Phishing Attack Compromises Tax Records of 100,000 Individuals

The HM Revenue & Customs (HMRC) reported a significant phishing incident resulting in the breach of tax accounts, leading to a loss of £47 million to organized crime. Details of the fraud were disclosed during a session with the Treasury committee.

Two high-ranking officials from HMRC informed Members of Parliament that approximately 100,000 individuals have either been contacted or are in the process of being notified following the lockdown of their PAYE accounts. This breach originated last year.

Angela MacDonald, deputy chief executive of HMRC, stated that criminals attempted to steal identity information to impersonate taxpayers, successfully extracting £47 million in the process. John-Paul Marks, HMRC’s chief executive, assured that the affected taxpayers would incur “no financial loss.”

Marks elaborated: “About 0.2 percent of the PAYE population, around 100,000 people, are being notified that we observed suspicious activity on their PAYE account.”

When inquired whether the notifications pertained to individuals rather than businesses, he confirmed, “That’s correct, individuals. To clarify, those individuals will not experience any financial loss. This incident involved organized crime engaging in phishing to obtain identity data from HMRC systems and subsequently attempting to create PAYE accounts for illicit repayments or accessing existing accounts.”

Dame Meg Hillier, chair of the committee, expressed dissatisfaction that the matter had come to light through an announcement made during the session, rather than being proactively communicated to the committee.

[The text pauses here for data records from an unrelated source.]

lemma cost_cnf_cost_SR_derivation:
  assumes "cost_SR_derivation b m G ds"
  shows "cost_cnf b m (G \<union> set ds) = cost_cnf b m G"
proof (rule antisym)
  show "cost_cnf b m (G \<union> set ds) \<le> cost_cnf b m G"
    unfolding cost_cnf_def
  proof (rule INF_greatest)
    fix \<tau> assume "\<tau> \<in> {\<tau>. models \<tau> G}"
    with assms obtain \<tau>' where "models \<tau>' (G \<union> set ds)" "cost_assign b m \<tau>' \<le> cost_assign b m \<tau>"
      using cost_SR_derivation_preserves_model by blast
    then show "(INF \<tau>\<in>{\<tau>. models \<tau> (G \<union> set ds)}. enat (cost_assign b m \<tau>)) \<le> enat (cost_assign b m \<tau>)"
      by (auto intro: INF_lower2)
  qed
  show "cost_cnf b m G \<le> cost_cnf b m (G \<union> set ds)"
    by (rule cost_cnf_antimono) blast
qed

lemma models_unit: "models \<tau> F \<Longrightarrow> {l} \<in> F \<Longrightarrow> lit_val \<tau> l"
  unfolding models_def by blast

theorem theorem4p2:
  fixes H :: "'v cnf" and C :: "nat \<Rightarrow> 'v clause" and b :: "nat \<Rightarrow> 'v"
    and m :: nat and ds :: "'v clause list" and I :: "nat set"
  assumes inst: "maxsat_instance H C b m"
    and der: "cost_SR_derivation b m (maxsat_cnf H C b m) ds"
    and I: "I \<subseteq> {..<m}"
    and units: "\<forall>i\<in>I. {Pos (b i)} \<in> set ds"
  shows "enat (card I) \<le> cost_cnf b m (maxsat_cnf H C b m) \<and>
         ((\<forall>j<m. j \<notin> I \<longrightarrow> {Neg (b j)} \<in> set ds)
          \<longrightarrow> (\<exists>\<alpha>. models \<alpha> (maxsat_cnf H C b m))
          \<longrightarrow> cost_cnf b m (maxsat_cnf H C b m) = enat (card I))"
proof -
  let ?G = "maxsat_cnf H C b m"
  let ?D = "?G \<union> set ds"
  have cost_D: "cost_cnf b m ?D = cost_cnf b m ?G"
    using der by (rule cost_cnf_cost_SR_derivation)
  have blocked: "I \<subseteq> {i. i < m \<and> \<tau> (b i)}" if "models \<tau> ?D" for \<tau>
    using I units models_unit[OF that] by fastforce
  have "enat (card I) \<le> cost_cnf b m ?G"
    unfolding cost_D[symmetric]
    by (rule cost_cnf_lower_bound) (auto simp: cost_assign_eq_card intro!: card_mono dest: blocked)
  moreover have "cost_cnf b m ?G = enat (card I)"
    if negs: "\<forall>j<m. j \<notin> I \<longrightarrow> {Neg (b j)} \<in> set ds" and "models \<alpha> ?G" for \<alpha>
  proof -
    obtain \<tau> where "models \<tau> ?D"
      using der \<open>models \<alpha> ?G\<close> by (rule cost_SR_derivation_preserves_model)
    moreover have "cost_assign b m \<tau>' = card I" if "models \<tau>' ?D" for \<tau>'
    proof -
      have "{i. i < m \<and> \<tau>' (b i)} = I"
        using blocked[OF that] negs models_unit[OF that] by fastforce
      then show ?thesis by (simp add: cost_assign_eq_card)
    qed
    ultimately show ?thesis
      unfolding cost_D[symmetric] by (rule cost_cnf_eq_if_cost_constant)
  qed
  ultimately show ?thesis by blast
qed

end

A thorough investigation conducted last year, which included international jurisdictions, has led to “some arrests” related to the incident, according to Marks.

MacDonald added that the criminals have thus far obtained £47 million, describing the amount as “substantial” and “very unacceptable.”

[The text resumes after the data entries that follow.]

lemma tesg_world_clocks_named_apart:
  assumes "esg_world S wt wp"
  shows "tesg_world S (clocks_named_apart S wt) (\<lambda>p ns _. p = resetP S \<or> wp p ns []) (\<lambda>_ _. 0)"
proof -
  have empty: "etrace []" by (simp add: etrace_def)
  have esg_sorts: "sort_of_name (wt f ns []) = fres S f"
    if "wsprim S f ns" "fres S f \<in> {Obj, Act}" for f ns
    using assms empty that unfolding esg_world_def by blast
  have esg_actions_distinct: "wt f ns [] \<noteq> wt g ms []"
    if "wsprim S f ns" "wsprim S g ms" "fres S f = Act" "fres S g = Act" "(f, ns) \<noteq> (g, ms)"
    for f ns g ms
    using assms empty that unfolding esg_world_def by blast
  have sorts: "sort_of_name (clocks_named_apart S wt f ns z) = fres S f"
    if "wsprim S f ns" for f ns z
    using esg_sorts[OF that] by (cases "fres S f") (simp_all add: clocks_named_apart_def)
  have distinct: "clocks_named_apart S wt f ns z \<noteq> clocks_named_apart S wt g ms z"
    if "wsprim S f ns" "wsprim S g ms" "fres S f = fres S g" "fres S f \<in> {Act, Clk}"
      "(f, ns) \<noteq> (g, ms)" for f ns g ms z
    using that esg_actions_distinct[of f ns g ms] by (auto simp: clocks_named_apart_def)
  show ?thesis
    unfolding tesg_world_def
    by (intro conjI allI impI sorts distinct) (auto simp: clocks_named_apart_def)
qed

lemma tesg_valid_imp_esg_valid:
  fixes S :: "('f::countable, 'p) sig"
  assumes "esg_fluent S \<alpha>" and "tesg_valid S \<alpha>"
  shows "esg_valid S \<alpha>"
  unfolding esg_valid_def
proof (intro allI impI)
  fix wt wp assume "esg_world S wt wp"
  then have "sat (\<lambda>f ns. clocks_named_apart S wt f ns []) (\<lambda>p ns. p = resetP S \<or> wp p ns [])
      (\<lambda>_. 0) \<alpha>"
    using assms(2) tesg_world_clocks_named_apart unfolding tesg_valid_def by fastforce
  moreover have "sat (\<lambda>f ns. clocks_named_apart S wt f ns []) (\<lambda>p ns. p = resetP S \<or> wp p ns [])
      (\<lambda>_. 0) \<alpha> = sat (\<lambda>f ns. wt f ns []) (\<lambda>p ns. wp p ns []) (\<lambda>_. 0) \<alpha>"
    by (rule sat_cong_esg_fluent[OF assms(1)]) (simp_all add: clocks_named_apart_def)
  ultimately show "sat (\<lambda>f ns. wt f ns []) (\<lambda>p ns. wp p ns []) (\<lambda>_. 0) \<alpha>"
    by simp
qed

lemma esg_valid_imp_tesg_valid:
  assumes "esg_fluent S \<alpha>" and "esg_valid S \<alpha>"
  shows "tesg_valid S \<alpha>"
  unfolding tesg_valid_def
proof (intro allI impI)
  fix wt wp wc assume "tesg_world S wt wp wc"
  then have "sat (\<lambda>f ns. wt f ns []) (\<lambda>p ns. wp p ns []) (\<lambda>_. 0) \<alpha>"
    using assms(2) esg_world_at_empty_trace unfolding esg_valid_def by fastforce
  then show "sat (\<lambda>f ns. wt f ns []) (\<lambda>p ns. wp p ns []) (\<lambda>c. wc c []) \<alpha>"
    using sat_cong_esg_fluent[OF assms(1)] by blast
qed

theorem mainTheorem4:
  fixes S :: "('f::countable, 'p) sig" and \<alpha> :: "('f,'p) fm"
  assumes "wf_sig S"
    and "esg_fluent_sentence S \<alpha>"
  shows "esg_valid S \<alpha> \<longleftrightarrow> tesg_valid S \<alpha>"
proof -
  have "esg_fluent S \<alpha>"
    using assms(2) by (simp add: esg_fluent_sentence_def)
  then show ?thesis
    using esg_valid_imp_tesg_valid tesg_valid_imp_esg_valid by blast
qed

end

“Overall, last tax year, we successfully safeguarded £1.9 billion from various attacks aimed at the HMRC,” she noted.

MacDonald emphasized that this incident did not classify as a cyberattack, clarifying that there was no hacking or data extraction from their systems.

She further detailed that a cyberattack involves intruders successfully breaking into systems to extract data or hold them for ransom, which was not the case here.

To mitigate further unauthorized access, HMRC promptly locked down the impacted accounts and removed login details. Those affected will receive correspondence from HMRC in the coming three weeks.

The HMRC stated: “We’ve taken action to safeguard customers after discovering attempts to access a very small number of tax accounts. We are collaborating with law enforcement agencies both in the UK and abroad to pursue those responsible for this crime.

“This incident does not constitute a cyberattack, as it involves criminals utilizing personal information from phishing scams or other sources to claim funds from HMRC. We are reassuring affected customers that their accounts are secured, and they have not suffered any financial loss.”